The Bigger Picture: Visual Archives and the Smithsonian
Posts tagged with: Web/Tech
- I see you - a new satellite image of the National Portrait Gallery portrait commission, One of Many, One, by Jorge Rodriguez-Gerada. [via AirSpace blog, NASM]
- Yes, you heard right, the Smithsonian is on its way to raising $1.5 Billion to support its museums, research centers, and programs. [via The Torch, SI]
- Getting toned, book style - Toning Japanese paper hinges for reattaching boards to leather bindings. [via Unbound blog, Smithsonian Libraries]
- Announced this week - The papers of Nobel laureate Toni Morrison will reside at Princeton University Library. [via InfoDocket]
- Not just go-go or punk - The new D.C. Vernacular Music Archive at George Washington University encompasses the variety of music found in our nation's capital. [via DCist]
- Challenge accepted - Flickr created a site to tell you if your picture has a park or a bird in it in response to a challenge laid out in the XKCD webcomic. [via PetaPixel]
- A new tool is coming from Rhizome that allows you preserve the dynamic content found on social media sites called Colloq. [via Bits blog, The New York Times]

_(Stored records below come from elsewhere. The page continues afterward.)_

lemma peaks_insert_at:
  assumes i: "i \<le> length p" and p: "p \<noteq> []" and m: "\<forall>x\<in>set p. x < m"
  shows "peaks (insert_at i m p) + (if 0 < i \<and> is_peak p (i-1) then 1 else 0)
          + (if 0 < i \<and> is_peak p i then 1 else 0)
         = peaks p + (if 0 < i \<and> i < length p then 1 else 0)"
proof -
  define s where "s = insert_at i m p"
  have ls: "length s = Suc (length p)" using i by (simp add: s_def)
  have sn: "s ! j = (if j < i then p ! j else if j = i then m else p ! (j - 1))" for j
    using i by (simp add: s_def nth_insert_at)
  have mlt: "p ! j < m" if "j < length p" for j using m that by auto
  define A where "A = {j. is_peak s j}"
  define B where "B = {j. is_peak p j}"
  have "finite A" unfolding A_def is_peak_def by (rule finite_subset[of _ "{..<length s}"]) auto
  moreover have "finite B" unfolding B_def is_peak_def by (rule finite_subset[of _ "{..<length p}"]) auto
  ultimately have window: "card A + card (B \<inter> {i-1..<i+1}) = card B + card (A \<inter> {i-1..i+1})"
    by (rule card_window_exchange) (use i in \<open>auto simp: A_def B_def is_peak_def ls sn\<close>)
  have counts: "peaks (insert_at i m p) = card A" "peaks p = card B"
    by (simp_all add: s_def A_def B_def peaks_eq_card_is_peak)
  show ?thesis
  proof (cases "i = 0")
    case True
    have "card (A \<inter> {i-1..i+1}) = 0"
      unfolding card_Int_atLeastAtMost_window using True p mlt[of 0] by (auto simp: A_def is_peak_def ls sn)
    moreover have "card (B \<inter> {i-1..<i+1}) = 0"
      unfolding card_Int_atLeastLessThan_window using True by (simp add: B_def is_peak_def)
    ultimately show ?thesis unfolding counts using window True by simp
  next
    case False
    have "card (A \<inter> {i-1..i+1}) = (if i < length p then 1 else 0)"
      unfolding card_Int_atLeastAtMost_window using False i mlt[of i] mlt[of "i-1"]
      by (auto simp: A_def is_peak_def ls sn)
    moreover have "card (B \<inter> {i-1..<i+1}) = (if i - 1 \<in> B then 1 else 0) + (if i \<in> B then 1 else 0)"
      unfolding card_Int_atLeastLessThan_window using False by simp
    ultimately show ?thesis unfolding counts using window False by (simp add: B_def)
  qed
qed
section \<open>Path measures\<close>

lemma sets_pathM[simp, measurable_cong]:
  "sets (pathM K h k x) = sets (PiM {h..h+k} (\<lambda>_. borel :: (real^'d) measure))"
proof (induct k)
  case (Suc k)
  have "space (pathM K h k x) \<noteq> {}"
    using sets_eq_imp_space_eq[OF Suc] by (simp add: space_PiM PiE_eq_empty_iff)
  then show ?case
    by (simp only: pathM.simps) (rule sets_bind, simp)
qed simp

lemma space_pathM[simp]:
  "space (pathM K h k x) = space (PiM {h..h+k} (\<lambda>_. borel :: (real^'d) measure))"
  by (rule sets_eq_imp_space_eq) simp

lemma sets_pathM_0:
  "sets (pathM K 0 k x) = sets (PiM {0..k} (\<lambda>_. borel :: (real^'d) measure))"
  using sets_pathM[of K 0 k x] by simp

lemma borel_measurable_sum_path:
  fixes g :: "nat \<Rightarrow> real^'d \<Rightarrow> real"
  assumes "\<And>l. g l \<in> borel_measurable borel"
  shows "(\<lambda>\<omega>. \<Sum>l<H. g l (\<omega> l)) \<in> borel_measurable (PiM {0..H} (\<lambda>_. borel :: (real^'d) measure))"
proof (intro borel_measurable_sum)
  fix l assume "l \<in> {..<H}"
  then have "(\<lambda>\<omega>. \<omega> l) \<in> PiM {0..H} (\<lambda>_. borel :: (real^'d) measure) \<rightarrow>\<^sub>M borel"
    by (intro measurable_component_singleton) simp
  from measurable_compose[OF this assms] show "(\<lambda>\<omega>. g l (\<omega> l)) \<in> borel_measurable (PiM {0..H} (\<lambda>_. borel))" .
qed

lemma measurable_add_dim_Suc:
  "(\<lambda>(\<omega>, y). fun_upd \<omega> (h + Suc k) y) \<in> measurable (PiM {h..h+k} (\<lambda>_. M) \<Otimes>\<^sub>M M) (PiM {h..h + Suc k} (\<lambda>_. M))"
proof -
  have "{h..h + Suc k} = insert (h + Suc k) {h..h+k}" by auto
  then show ?thesis
    using measurable_add_dim[of "h + Suc k" "{h..h+k}" "\<lambda>_. M"] by simp
qed

lemma borel_measurable_fun_upd_slice:
  assumes "f \<in> borel_measurable (PiM {h..h + Suc k} (\<lambda>_. borel :: (real^'d) measure))"
    and "\<omega> \<in> space (PiM {h..h+k} (\<lambda>_. borel :: (real^'d) measure))"
  shows "(\<lambda>y. f (fun_upd \<omega> (h + Suc k) y)) \<in> borel_measurable borel"
  using measurable_Pair2[OF measurable_compose[OF measurable_add_dim_Suc assms(1)] assms(2)] by simp
theorem lemma8:
  fixes n :: nat and A :: "'a set" and Rho :: "real set"
    and v :: "nat \<Rightarrow> 'a \<Rightarrow> real" and b rho :: "nat \<Rightarrow> real"
    and m \<epsilon> :: real and r t :: "'a \<Rightarrow> real" and \<gamma> \<sigma> :: "nat \<Rightarrow> 'a"
  defines "N \<equiv> {1..n}" and "u \<equiv> util v b rho"
  assumes finA: "finite A" and cardA: "card A = n"
    and Rho: "finite Rho" "0 \<in> Rho" "\<forall>x\<in>Rho. x \<ge> 0"
    and b_nonneg: "\<forall>i\<in>N. b i \<ge> 0" and rho_in: "\<forall>i\<in>N. rho i \<in> Rho"
    and eps: "\<epsilon> > 0"
    and r_EF: "(r, \<gamma>) \<in> EF N A u m"
    and t_EF: "(t, \<sigma>) \<in> EF N A u (m - \<epsilon>)"
    and pm: "perfect_matching_F N A u r \<gamma> \<sigma>"
    and r_gt_t: "\<forall>a\<in>A. r a > t a"
    and no_between: "\<not> (\<exists>i\<in>N. \<exists>a\<in>A. r a > b i \<and> b i > t a)"
  shows "\<exists>\<Lambda>>0.
     (\<forall>\<Lambda>'. 0 < \<Lambda>' \<and> \<Lambda>' \<le> \<Lambda> \<longrightarrow>
        (\<forall>\<mu>. bij_betw \<mu> N A \<and>
              (\<forall>\<mu>'. bij_betw \<mu>' N A \<longrightarrow>
                 (\<Sum>i\<in>N. ln (lamL u b rho r \<gamma> \<Lambda>' i (\<mu>' i)))
                   \<le> (\<Sum>i\<in>N. ln (lamL u b rho r \<gamma> \<Lambda>' i (\<mu> i))))
           \<longrightarrow> (\<forall>i\<in>N. \<forall>\<gamma>'. (r, \<gamma>') \<in> EF N A u m \<longrightarrow>
                  u i (r (\<mu> i)) (\<mu> i) = u i (r (\<gamma>' i)) (\<gamma>' i)))) \<and>
     (\<forall>i\<in>N. \<forall>a\<in>A. lamL u b rho r \<gamma> \<Lambda> i (\<sigma> i) * (r (\<sigma> i) - t (\<sigma> i))
                    \<ge> lamL u b rho r \<gamma> \<Lambda> i a * (r a - t a))"
proof -
  have finN: "finite N" by (simp add: N_def)
  have rho: "\<forall>i\<in>N. 0 \<le> rho i" using rho_in Rho(3) by auto
  define C where "C = (\<Sum>i\<in>N. ln (1 + rho i))"
  obtain \<Lambda> where \<Lambda>: "0 < \<Lambda>" "\<Lambda> < exp (- C)"
    and ratio: "\<forall>a\<in>A. \<forall>a'\<in>A. \<Lambda> * (r a - t a) \<le> r a' - t a'"
    using exists_uniform_ratio_bound[OF finA, of "\<lambda>a. r a - t a" "exp (- C)"] r_gt_t by auto
  show ?thesis
  proof (intro exI[of _ \<Lambda>] conjI allI impI ballI)
    fix \<Lambda>' \<mu> i \<gamma>'
    assume \<Lambda>': "0 < \<Lambda>' \<and> \<Lambda>' \<le> \<Lambda>"
      and \<mu>: "bij_betw \<mu> N A \<and> (\<forall>\<mu>'. bij_betw \<mu>' N A \<longrightarrow>
             (\<Sum>i\<in>N. ln (lamL u b rho r \<gamma> \<Lambda>' i (\<mu>' i)))
               \<le> (\<Sum>i\<in>N. ln (lamL u b rho r \<gamma> \<Lambda>' i (\<mu> i))))"
      and i: "i \<in> N" and \<gamma>': "(r, \<gamma>') \<in> EF N A u m"
    have "bij_betw \<sigma> N A" using pm by (simp add: perfect_matching_F_def)
    then have max: "(\<Sum>i\<in>N. ln (lamL u b rho r \<gamma> \<Lambda>' i (\<sigma> i)))
                 \<le> (\<Sum>i\<in>N. ln (lamL u b rho r \<gamma> \<Lambda>' i (\<mu> i)))"
      using \<mu> by blast
    have "0 < \<Lambda>'" "\<Lambda>' < exp (- C)" using \<Lambda>' \<Lambda>(2) by auto
    then have "u i (r (\<mu> i)) (\<mu> i) = u i (r (\<gamma> i)) (\<gamma> i)"
      unfolding C_def by (rule log_weight_maximizer_uses_edges[OF finN rho pm _ _ max i])
    then show "u i (r (\<mu> i)) (\<mu> i) = u i (r (\<gamma>' i)) (\<gamma>' i)"
      using EF_utility_unique[OF r_EF \<gamma>' i] by simp
  next
    fix i a assume "i \<in> N" "a \<in> A"
    then show "lamL u b rho r \<gamma> \<Lambda> i a * (r a - t a)
                 \<le> lamL u b rho r \<gamma> \<Lambda> i (\<sigma> i) * (r (\<sigma> i) - t (\<sigma> i))"
      using t_EF pm r_gt_t no_between rho ratio unfolding u_def
      by (intro lamL_scaled_envy_free) blast+
  qed (use \<Lambda>(1) in simp)
qed

end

- Walk in the steps of Jane Goodall, the Jane Goodall Institute and Google teamed up to bring their Street View Trekker cameras to Gombe National Park in Tanzania and allow you to explore and experience it. [via PetaPixel]
- A bold plan from the National Archives - Digitize their analog records, all 12 billion pages of them. [via AOTUS blog, NARA]
- An epic road trip - Collecting on the road with Jason Stieber, National Collector, Archives of American Art. [via Smithsonian Collections Blog]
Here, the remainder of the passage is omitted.